The following examples are only used to illustrate the present invention, but not to limit the scope of the present invention. Based on the specific embodiments of the present invention, all other embodiments obtained by persons of ordinary skill in the art without making creative efforts belong to the protection scope of the present invention.

In the embodiments of the present invention, unless otherwise specified, all raw material components are commercially available products well known to those skilled in the art; in the embodiments of the present invention, if not specifically specified, the technical means used are all well-known conventional means. The key instrument information is shown in Table 1 below:

Table 1 Experimental instrument information

name	model	brand
LC-MS/MS	QTRAP 6500+	SCIEX
centrifuge	5424R	Eppendorf
Centrifugal concentrator	CentriVap	LABCONCO
Vortex mixer	VORTEX-5	Kyllin-Be11

Glossary

The "local standard substance database" in the present invention refers to the mass spectrometric detection of a large number of related metabolite molecular standards in the present invention, and the collection of mass spectrometry information of these metabolites, thereby forming a localized standard substance database.

Example 1

This embodiment provides a method for screening metabolic markers for lung adenocarcinoma diagnosis, comprising the following steps:

S1, collecting samples

In this study, after obtaining the consent of the patients, peripheral vein samples from 242 patients with lung adenocarcinoma (lung adenocarcinoma group, including 172 patients with early lung adenocarcinoma) and 150 healthy people (healthy group) were collected from Shanghai Chest Hospital. blood serum. Among them, the diagnostic standard for patients with lung adenocarcinoma is confirmed by postoperative pathology. According to TNM staging, patients with stage I and II lung adenocarcinoma were defined as patients with early-stage lung adenocarcinoma. All patients with lung adenocarcinoma and samples from the non-lung adenocarcinoma group had no history of other malignant tumors, no other major systemic diseases, and no chronic medical history of long-term medication. The time of blood collection was in the morning on an empty stomach. All serum samples were centrifuged and stored in a -80°C refrigerator. During the study, serum samples were taken out and thawed for subsequent analysis.
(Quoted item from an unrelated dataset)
(* Consider the system described in the context and assume (H1) and (H2). Then every steady state of the system is of one of the following nine types ($i\in\{1,2\}$), with components listed as $(S_1^1,X_1^1,S_2^1,X_2^1\mid S_1^2,X_1^2,S_2^2,X_2^2)$, and each type exists if and only if the stated existence condition holds: \begin{enumerate} \item $\mathcal{E}_{00}^{00}=(S_1^{\mathrm{in}},0,S_2^{\mathrm{in}},0\mid S_1^{\mathrm{in}},0,S_2^{\mathrm{in}},0)$; always exists. \item $\mathcal{E}_{00}^{0i}=\bigl(S_1^{\mathrm{in}},0,S_2^{\mathrm{in}},0\mid S_1^{\mathrm{in}},0,\lambda_2^{2i},\tfrac{S_2^{\mathrm{in}}-\lambda_2^{2i}}{\alpha k_3}\bigr)$; exists iff $S_2^{\mathrm{in}}>\lambda_2^{2i}$. \item $\mathcal{E}_{00}^{10}=\bigl(S_1^{\mathrm{in}},0,S_2^{\mathrm{in}},0\mid \lambda_1^2,\tfrac{S_1^{\mathrm{in}}-\lambda_1^2}{\alpha k_1},S_2^{\mathrm{in}}+\tfrac{k_2}{k_1}(S_1^{\mathrm{in}}-\lambda_1^2),0\bigr)$; exists iff $S_1^{\mathrm{in}}>\lambda_1^2$. \item $\mathcal{E}_{00}^{1i}=\bigl(S_1^{\mathrm{in}},0,S_2^{\mathrm{in}},0\mid \lambda_1^2,\tfrac{S_1^{\mathrm{in}}-\lambda_1^2}{\alpha k_1},\lambda_2^{2i},\tfrac{k_2(S_1^{\mathrm{in}}-F_{2i})}{\alpha k_1k_3}\bigr)$; exists iff $S_1^{\mathrm{in}}>\max(\lambda_1^2,F_{2i})$. \item $\mathcal{E}_{10}^{10}=\bigl(\lambda_1^1,X_1^{1*},S_2^{\mathrm{in}}+\tfrac{k_2}{k_1}(S_1^{\mathrm{in}}-\lambda_1^1),0\mid S_1^{\mathrm{in}}-\alpha k_1X_1^{2*},X_1^{2*},S_2^{\mathrm{in}}+\alpha k_2X_1^{2*},0\bigr)$; exists iff $S_1^{\mathrm{in}}>\lambda_1^1$. \item $\mathcal{E}_{10}^{1i}=\bigl(\lambda_1^1,X_1^{1*},S_2^{\mathrm{in}}+\tfrac{k_2}{k_1}(S_1^{\mathrm{in}}-\lambda_1^1),0\mid S_1^{\mathrm{in}}-\alpha k_1X_1^{2*},X_1^{2*},\lambda_2^{2i},\tfrac{\phi_i}{\alpha k_3}\bigr)$; exists iff $S_1^{\mathrm{in}}>\lambda_1^1$ and $\phi_i>0$. \item $\mathcal{E}_{0i}^{01}=\bigl(S_1^{\mathrm{in}},0,\lambda_2^{1i},\tfrac{S_2^{\mathrm{in}}-\lambda_2^{1i}}{\alpha k_3}\mid S_1^{\mathrm{in}},0,S_2^{\mathrm{in}}-\alpha k_3X_2^{2*},X_2^{2*}\bigr)$, where $X_2^{2*}$ is a solution of $f_2(x)=g_2(x)$ built with $S_2^{1*}=\lambda_2^{1i}$, $X_1^{1*}=0$, $X_1^{2*}=0$, $X_2^{1*}=\tfrac{S_2^{\mathrm{in}}-\lambda_2^{1i}}{\alpha k_3}$; exists iff $S_2^{\mathrm{in}}>\lambda_2^{1i}$. \item $\mathcal{E}_{0i}^{11}=\bigl(S_1^{\mathrm{in}},0,\lambda_2^{1i},\tfrac{S_2^{\mathrm{in}}-\lambda_2^{1i}}{\alpha k_3}\mid \lambda_1^2,\tfrac{S_1^{\mathrm{in}}-\lambda_1^2}{\alpha k_1},\tfrac{k_2}{k_1}(S_1^{\mathrm{in}}-\lambda_1^2)+S_2^{\mathrm{in}}-\alpha k_3X_2^{2*},X_2^{2*}\bigr)$, where $X_2^{2*}$ is a solution of $f_2(x)=g_2(x)$ built with $S_2^{1*}=\lambda_2^{1i}$, $X_1^{1*}=0$, $X_1^{2*}=\tfrac{S_1^{\mathrm{in}}-\lambda_1^2}{\alpha k_1}$, $X_2^{1*}=\tfrac{S_2^{\mathrm{in}}-\lambda_2^{1i}}{\alpha k_3}$; exists iff $S_1^{\mathrm{in}}>\lambda_1^2$ and $S_2^{\mathrm{in}}>\lambda_2^{1i}$. \item $\mathcal{E}_{1i}^{11}=\bigl(\lambda_1^1,X_1^{1*},\lambda_2^{1i},\tfrac{k_2(S_1^{\mathrm{in}}-F_{1i})}{\alpha k_1k_3}\mid S_1^{\mathrm{in}}-\alpha k_1X_1^{2*},X_1^{2*},S_2^{\mathrm{in}}+\alpha k_2X_1^{2*}-\alpha k_3X_2^{2*},X_2^{2*}\bigr)$, where $X_2^{2*}$ is a solution of $f_2(x)=g_2(x)$ built with $S_2^{1*}=\lambda_2^{1i}$, $X_1^{1*}=\tfrac{S_1^{\mathrm{in}}-\lambda_1^1}{\alpha k_1}$, $X_1^{2*}$ as defined in the context, $X_2^{1*}=\tfrac{k_2(S_1^{\mathrm{in}}-F_{1i})}{\alpha k_1k_3}$; exists iff $S_1^{\mathrm{in}}>\max(\lambda_1^1,F_{1i})$. \end{enumerate}
   Context: Consider the system of ODEs for $\xi=(S_1^1,X_1^1,S_2^1,X_2^1,S_1^2,X_1^2,S_2^2,X_2^2)\in\mathbb{R}_+^8$: $\dot S_1^1=D_1(S_1^{\mathrm{in}}-S_1^1)-k_1\mu_1(S_1^1)X_1^1$, $\dot X_1^1=(\mu_1(S_1^1)-\alpha D_1)X_1^1$, $\dot S_2^1=D_1(S_2^{\mathrm{in}}-S_2^1)+k_2\mu_1(S_1^1)X_1^1-k_3\mu_2(S_2^1)X_2^1$, $\dot X_2^1=(\mu_2(S_2^1)-\alpha D_1)X_2^1$, $\dot S_1^2=D_2(S_1^1-S_1^2)-k_1\mu_1(S_1^2)X_1^2$, $\dot X_1^2=\alpha D_2(X_1^1-X_1^2)+\mu_1(S_1^2)X_1^2$, $\dot S_2^2=D_2(S_2^1-S_2^2)+k_2\mu_1(S_1^2)X_1^2-k_3\mu_2(S_2^2)X_2^2$, $\dot X_2^2=\alpha D_2(X_2^1-X_2^2)+\mu_2(S_2^2)X_2^2$. Here $D>0$, $r\in(0,1)$, $r_1=r$, $r_2=1-r$, $D_i=D/r_i$, $\alpha\in(0,1)$, $k_1,k_2,k_3>0$, $S_1^{\mathrm{in}},S_2^{\mathrm{in}}>0$. The functions $\mu_1,\mu_2\in\mathcal C^1(\mathbb R_+)$ satisfy (H1): $\mu_1(0)=0$, $\lim_{s\to\infty}\mu_1(s)=m_1$, $\mu_1'(s)>0$ for $s>0$; (H2): $\mu_2(0)=0$, $\lim_{s\to\infty}\mu_2(s)=0$, and there is $S_2^{\mathrm m}>0$ with $\mu_2'>0$ on $(0,S_2^{\mathrm m})$ and $\mu_2'<0$ on $(S_2^{\mathrm m},\infty)$. Notation ($i,j\in\{1,2\}$): $\lambda_1^i$ is the unique solution of $\mu_1(S)=\alpha D_i$ when $D<r_im_1/\alpha$, and $\lambda_1^i=+\infty$ otherwise; $\lambda_2^{i1}<\lambda_2^{i2}$ are the two solutions of $\mu_2(S)=\alpha D_i$ when $D\le r_i\mu_2(S_2^{\mathrm m})/\alpha$, and $+\infty$ otherwise; $F_{ij}=\lambda_1^i+\frac{k_1}{k_2}(\lambda_2^{ij}-S_2^{\mathrm{in}})$. When $S_1^{\mathrm{in}}>\lambda_1^1$, put $X_1^{1*}=(S_1^{\mathrm{in}}-\lambda_1^1)/(\alpha k_1)$, $f_1(x)=\mu_1(S_1^{\mathrm{in}}-\alpha k_1x)$ on $[0,S_1^{\mathrm{in}}/(\alpha k_1)]$, $g_1(x)=\alpha D_2(x-X_1^{1*})/x$, and let $X_1^{2*}$ be the unique solution of $f_1(x)=g_1(x)$ in $(X_1^{1*},S_1^{\mathrm{in}}/(\alpha k_1))$; set $\phi_j=S_2^{\mathrm{in}}+\alpha k_2X_1^{2*}-\lambda_2^{2j}$. Given numbers $S_2^{1*},X_1^{1*},X_2^{1*},X_1^{2*}$ (specified in each case), define $g_2(x)=\alpha D_2(x-X_2^{1*})/x$ on $(0,\infty)$ and $f_2(x)=\mu_2\bigl(S_2^{1*}-\alpha k_2(X_1^{1*}-X_1^{2*})+\alpha k_3(X_2^{1*}-x)\bigr)$ on $[0,d]$, $d=X_2^{1*}+(S_2^{1*}-\alpha k_2(X_1^{1*}-X_1^{2*}))/(\alpha k_3)$. *)

theory Defs
  imports Complex_Main "HOL-Library.Extended_Real"
begin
S2, Extensive targeted metabolomics analysis of serum

(1) Sample pretreatment

Take out the sample collected in step S1 from the -80°C refrigerator, and thaw it on ice until there are no ice cubes in the sample (subsequent operations are required to be carried out on ice); Into a numbered centrifuge tube; add 300 μL pure methanol internal standard extraction solution (containing 100 ppm L-phenylalanine internal standard); vortex for 5 min, let stand for 24 h, and then centrifuge at 12000 r/min, 4 °C for 10 min ; Take 270 μL of the supernatant and concentrate for 24 hours; then add 100 μL of acetonitrile and water in a complex solution with a volume ratio of 1:1 for LC-MS/MS analysis. 20 μL of each sample was mixed to form a quality control sample (QC), which was collected every 15 samples.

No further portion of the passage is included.